Oat Note, Inc. v. Ampro Equities, Inc.

141 S.W.3d 274, 2004 Tex. App. LEXIS 6251, 2004 WL 1574519
CourtCourt of Appeals of Texas
DecidedJuly 15, 2004
Docket03-03-00382-CV
StatusPublished
Cited by6 cases

This text of 141 S.W.3d 274 (Oat Note, Inc. v. Ampro Equities, Inc.) is published on Counsel Stack Legal Research, covering Court of Appeals of Texas primary law. Counsel Stack provides free access to over 12 million legal documents including statutes, case law, regulations, and constitutions.

Bluebook
Oat Note, Inc. v. Ampro Equities, Inc., 141 S.W.3d 274, 2004 Tex. App. LEXIS 6251, 2004 WL 1574519 (Tex. Ct. App. 2004).

Opinion

OPINION

DAVID PURYEAR, Justice.

Appellant Oat Note, Inc. appeals from a trial-court judgment granting damages and attorney’s fees to appellees Ampro Equities, Inc. and WCP Development, L.P. 1 The litigation arose out of a suit filed by a third party, M & L England, L.L.C., against appellant and both appellees, regarding a piece of property that M & L England bought from Oat Note. The obligations surrounding that property were assumed by Ampro (which subsequently assigned its contractual rights and obligations to WCP) after it purchased commercial real estate from Oat Note. Ampro settled that case with M & L England for $35,000, and in the instant case sought to recoup those damages from Oat Note. A jury awarded Ampro $11,666.66 in damages from Oat Note for negligent misrepresentation and $23,582.50 in attorney’s fees, and the trial court rendered judgment accordingly.

Oat Note appeals this judgment, contending that: (1) the trial court should not have rendered judgment against Oat Note for damages because Ampro purchased the property pursuant to a contract expressly stating it would rely on its own inspection and that the property would be conveyed “as is”; (2) even if Ampro was entitled to damages for negligent misrepresentation, the trial court should not have rendered judgment granting attorney’s fees because there is no statute or contractual agreement authorizing them in this dispute; and (3) the trial court should have granted declaratory judgment in favor of Oat Note, declaring the “as is” provisions of the contract determinative of the dispute and awarding Oat Note reasonable attorney’s fees. We will affirm the trial court’s judg *276 ment on issues one and three and reverse and render judgment on issue two.

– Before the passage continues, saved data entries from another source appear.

lemma bi_subordination_coeff_estimates:
  fixes A2 A3 G2 G3 c1 c2 d1 d2 :: complex and B1 B2 :: real
  assumes B1: "B1 > 0"
    and G: "G2 = - A2" "G3 = 3 * A2\<^sup>2 - A3"
    and f1: "of_real B1 * c1 = A2"
    and f2: "of_real (2 * B2) * c1\<^sup>2 + of_real B1 * c2 = 2 * A3 - 2 * A2\<^sup>2"
    and g1: "of_real B1 * d1 = G2"
    and g2: "of_real (2 * B2) * d1\<^sup>2 + of_real B1 * d2 = 2 * G3 - 2 * G2\<^sup>2"
    and c: "norm c2 / 2 \<le> 1 - norm c1 ^ 2" and d: "norm d2 / 2 \<le> 1 - norm d1 ^ 2"
  shows "norm A2 ^ 2 * (4 * B1 + \<bar>2 * B1\<^sup>2 - 4 * B2\<bar>) \<le> 4 * B1 ^ 3"
    and "4 * norm A3 \<le> 6 * norm A2 ^ 2 + 4 * B1 - 4 * norm A2 ^ 2 / B1"
proof -
  define x where "x = norm A2 ^ 2"
  have "norm c1 = norm A2 / B1" "norm d1 = norm A2 / B1"
    using arg_cong[OF f1, of norm] arg_cong[OF g1, of norm] G B1 by (simp_all add: norm_mult field_simps)
  then have "norm c1 ^ 2 = x / B1\<^sup>2" "norm d1 ^ 2 = x / B1\<^sup>2"
    by (simp_all add: x_def power_divide)
  then have cd: "norm (c2 + d2) \<le> 4 - 4 * x / B1\<^sup>2" "norm (c2 - d2) \<le> 4 - 4 * x / B1\<^sup>2"
    using norm_triangle_ineq[of c2 d2] norm_triangle_ineq4[of c2 d2] c d by auto
  have d1: "d1 = - c1"
    using f1 g1 G B1 by (metis minus_mult_right mult_cancel_left of_real_eq_0_iff less_irrefl)
  have f2': "2 * of_real B2 * c1\<^sup>2 + of_real B1 * c2 = 2 * A3 - 2 * A2\<^sup>2"
    and g2': "2 * of_real B2 * c1\<^sup>2 + of_real B1 * d2 = 4 * A2\<^sup>2 - 2 * A3"
    using f2 g2 unfolding G d1 by (simp_all add: power2_eq_square algebra_simps)
  have "of_real B1 * (c2 + d2) = 2 * A2\<^sup>2 - 4 * of_real B2 * c1\<^sup>2"
    using f2' g2' by algebra
  then have "of_real B1 ^ 2 * (of_real B1 * (c2 + d2)) = of_real B1 ^ 2 * (2 * A2\<^sup>2 - 4 * of_real B2 * c1\<^sup>2)"
    by simp
  then have "of_real B1 ^ 3 * (c2 + d2) = 2 * A2\<^sup>2 * of_real B1 ^ 2 - 4 * of_real B2 * (of_real B1 * c1)\<^sup>2"
    by (simp add: power2_eq_square power3_eq_cube algebra_simps)
  then have sum: "A2\<^sup>2 * of_real (2 * B1\<^sup>2 - 4 * B2) = of_real B1 ^ 3 * (c2 + d2)"
    unfolding f1 by (simp add: algebra_simps)
  have diff: "4 * A3 = 6 * A2\<^sup>2 + of_real B1 * (c2 - d2)"
    using f2' g2' by algebra
  have "x * \<bar>2 * B1\<^sup>2 - 4 * B2\<bar> = norm (A2\<^sup>2 * of_real (2 * B1\<^sup>2 - 4 * B2))"
    by (simp only: x_def norm_mult norm_power norm_of_real)
  also have "\<dots> = B1 ^ 3 * norm (c2 + d2)"
    using B1 by (simp only: sum norm_mult norm_power norm_of_real abs_of_pos)
  also have "\<dots> \<le> B1 ^ 3 * (4 - 4 * x / B1\<^sup>2)"
    using cd(1) B1 by (intro mult_left_mono) auto
  also have "\<dots> = 4 * B1 ^ 3 - 4 * B1 * x"
    using B1 by (simp add: field_simps power2_eq_square power3_eq_cube)
  finally have "x * (4 * B1 + \<bar>2 * B1\<^sup>2 - 4 * B2\<bar>) \<le> 4 * B1 ^ 3"
    by (simp add: algebra_simps)
  then show "norm A2 ^ 2 * (4 * B1 + \<bar>2 * B1\<^sup>2 - 4 * B2\<bar>) \<le> 4 * B1 ^ 3"
    by (simp only: x_def)
  have "4 * norm A3 \<le> 6 * x + B1 * norm (c2 - d2)"
    using arg_cong[OF diff, of norm] norm_triangle_ineq[of "6 * A2\<^sup>2" "of_real B1 * (c2 - d2)"] B1
    by (simp add: x_def norm_mult norm_power)
  also have "\<dots> \<le> 6 * x + B1 * (4 - 4 * x / B1\<^sup>2)"
    using cd(2) B1 by (simp add: mult_left_mono)
  also have "\<dots> = 6 * x + 4 * B1 - 4 * x / B1"
    using B1 by (simp add: field_simps power2_eq_square)
  finally show "4 * norm A3 \<le> 6 * norm A2 ^ 2 + 4 * B1 - 4 * norm A2 ^ 2 / B1"
    by (simp only: x_def)
qed

lemma coeff_bounds_of_estimates:
  fixes B1 B2 x y :: real
  assumes B1: "B1 > 0" and x: "x \<ge> 0"
    and a2: "x * (4 * B1 + \<bar>2 * B1\<^sup>2 - 4 * B2\<bar>) \<le> 4 * B1 ^ 3"
    and a3: "4 * y \<le> 6 * x + 4 * B1 - 4 * x / B1"
  shows "sqrt x / 2 \<le> B1 * sqrt B1 / sqrt (4 * B1 + \<bar>2 * B1\<^sup>2 - 4 * B2\<bar>)"
    and "y / 6 \<le> (if B1 \<ge> 2/3 then (1 - 2 / (3 * B1)) * B1 ^ 3 / (4 * B1 + \<bar>2 * B1\<^sup>2 - 4 * B2\<bar>) + B1 / 6
                  else B1 / 6)"
proof -
  define K where "K = 4 * B1 + \<bar>2 * B1\<^sup>2 - 4 * B2\<bar>"
  have K: "K > 0" using B1 by (simp add: K_def add_pos_nonneg)
  have xK: "x / 4 \<le> B1 ^ 3 / K" using a2 K by (simp add: K_def field_simps)
  have "sqrt x / 2 = sqrt (x / 4)" by (simp add: real_sqrt_divide)
  also have "\<dots> \<le> sqrt (B1 ^ 3 / K)" using xK by simp
  also have "\<dots> = B1 * sqrt B1 / sqrt K"
    using B1 by (simp add: real_sqrt_divide real_sqrt_mult power3_eq_cube)
  finally show "sqrt x / 2 \<le> B1 * sqrt B1 / sqrt (4 * B1 + \<bar>2 * B1\<^sup>2 - 4 * B2\<bar>)"
    by (simp add: K_def)
  have y: "y / 6 \<le> B1 / 6 + (1 - 2 / (3 * B1)) * (x / 4)"
    using a3 B1 by (simp add: field_simps)
  show "y / 6 \<le> (if B1 \<ge> 2/3 then (1 - 2 / (3 * B1)) * B1 ^ 3 / (4 * B1 + \<bar>2 * B1\<^sup>2 - 4 * B2\<bar>) + B1 / 6
                  else B1 / 6)"
  proof (cases "B1 \<ge> 2/3")
    case True
    then have "(1 - 2 / (3 * B1)) * (x / 4) \<le> (1 - 2 / (3 * B1)) * (B1 ^ 3 / K)"
      using B1 xK by (intro mult_left_mono) (auto simp: field_simps)
    with y have "y / 6 \<le> (1 - 2 / (3 * B1)) * (B1 ^ 3 / K) + B1 / 6"
      by linarith
    then have "y / 6 \<le> (1 - 2 / (3 * B1)) * B1 ^ 3 / K + B1 / 6"
      by (simp only: times_divide_eq_right)
    with True show ?thesis by (simp only: K_def if_True)
  next
    case False
    then have "(1 - 2 / (3 * B1)) * (x / 4) \<le> 0"
      using B1 x by (intro mult_nonpos_nonneg) (auto simp: field_simps)
    with False y show ?thesis by (simp only: if_not_P if_False)
  qed
qed

lemma admissible_phi_coeffs:
  assumes "admissible_phi \<phi>"
  shows "Re (taylor_coeff \<phi> 1) > 0"
    and "deriv \<phi> 0 = of_real (Re (taylor_coeff \<phi> 1))"
    and "deriv (deriv \<phi>) 0 = of_real (2 * Re (taylor_coeff \<phi> 2))"
proof -
  have "deriv \<phi> 0 \<in> \<real>" "deriv (deriv \<phi>) 0 / 2 \<in> \<real>" "Re (deriv \<phi> 0) > 0"
    using assms unfolding admissible_phi_def by (metis taylor_coeff_1_2_3(2))+
  then show "Re (taylor_coeff \<phi> 1) > 0"
    and "deriv \<phi> 0 = of_real (Re (taylor_coeff \<phi> 1))"
    and "deriv (deriv \<phi>) 0 = of_real (2 * Re (taylor_coeff \<phi> 2))"
    unfolding taylor_coeff_1_2_3 by (auto elim!: Reals_cases)
qed

theorem corollary2p2:
  fixes \<phi> f :: "complex \<Rightarrow> complex" and B1 B2 :: real
  assumes "admissible_phi \<phi>"
    and "B1 = Re (taylor_coeff \<phi> 1)" and "B2 = Re (taylor_coeff \<phi> 2)"
    and "f \<in> K_sigma \<phi>"
  shows "norm (taylor_coeff f 2) \<le> B1 * sqrt B1 / sqrt (4 * B1 + \<bar>2 * B1\<^sup>2 - 4 * B2\<bar>) \<and>
         norm (taylor_coeff f 3) \<le>
           (if B1 \<ge> 2/3 then (1 - 2 / (3 * B1)) * B1 ^ 3 / (4 * B1 + \<bar>2 * B1\<^sup>2 - 4 * B2\<bar>) + B1 / 6
            else B1 / 6)"
proof -
  obtain g where bi: "bi_univalent f g"
    and sf: "subordinate (\<lambda>z. 1 + z * deriv (deriv f) z / deriv f z) \<phi>"
    and sg: "subordinate (\<lambda>w. 1 + w * deriv (deriv g) w / deriv g w) \<phi>"
    using assms(4) by (auto simp: K_sigma_def)
  obtain u where u: "schwarz_function u"
    and fu: "\<And>z. z \<in> ball 0 1 \<Longrightarrow> 1 + z * deriv (deriv f) z / deriv f z = \<phi> (u z)"
    using subordinate_schwarz_function[OF sf] by blast
  obtain v where v: "schwarz_function v"
    and gv: "\<And>z. z \<in> ball 0 1 \<Longrightarrow> 1 + z * deriv (deriv g) z / deriv g z = \<phi> (v z)"
    using subordinate_schwarz_function[OF sg] by blast
  have holp: "\<phi> holomorphic_on ball 0 1" and p0: "\<phi> 0 = 1"
    using assms(1) by (auto simp: admissible_phi_def unit_disc_def)
  note B = admissible_phi_coeffs[OF assms(1), folded assms(2,3)]
  have holf: "f holomorphic_on ball 0 1" and f0: "f 0 = 0" and f1: "deriv f 0 = 1"
    and holg: "g holomorphic_on ball 0 1" and inv: "\<And>z. z \<in> ball 0 1 \<Longrightarrow> f z \<in> ball 0 1 \<Longrightarrow> g (f z) = z"
    using bi by (auto simp: bi_univalent_def unit_disc_def)
  note G = inverse_deriv_coeffs[OF open_ball _ open_ball _ holf holg f0 f1 inv, simplified]
  note est = bi_subordination_coeff_estimates[OF B(1) G(2,3)
      convex_subordination_coeffs[OF holf f1 holp p0 u fu, unfolded B(2,3)]
      convex_subordination_coeffs[OF holg G(1) holp p0 v gv, unfolded B(2,3)]
      schwarz_function_deriv2_bound[OF u] schwarz_function_deriv2_bound[OF v]]
  show ?thesis
    using coeff_bounds_of_estimates[OF B(1) _ est] by (simp add: taylor_coeff_1_2_3 norm_divide)
qed

end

FACTUAL AND PROCEDURAL BACKGROUND

Oat Note entered into a contract in January 1997 to sell a piece of land in a commercial subdivision to M & L England for use as a gymnastics training center. This contract contained a provision requiring M & L England to improve an existing low-water crossing on the property per city regulations. It further required Oat Note to construct a road leading from the highway to the low-water crossing on the land it retained adjacent to that sold to M & L England. Oat Note was obligated to finish construction on this road within sixty days after completion of the low-water crossing. M & L England completed the improvements to the low-water crossing in March 1998.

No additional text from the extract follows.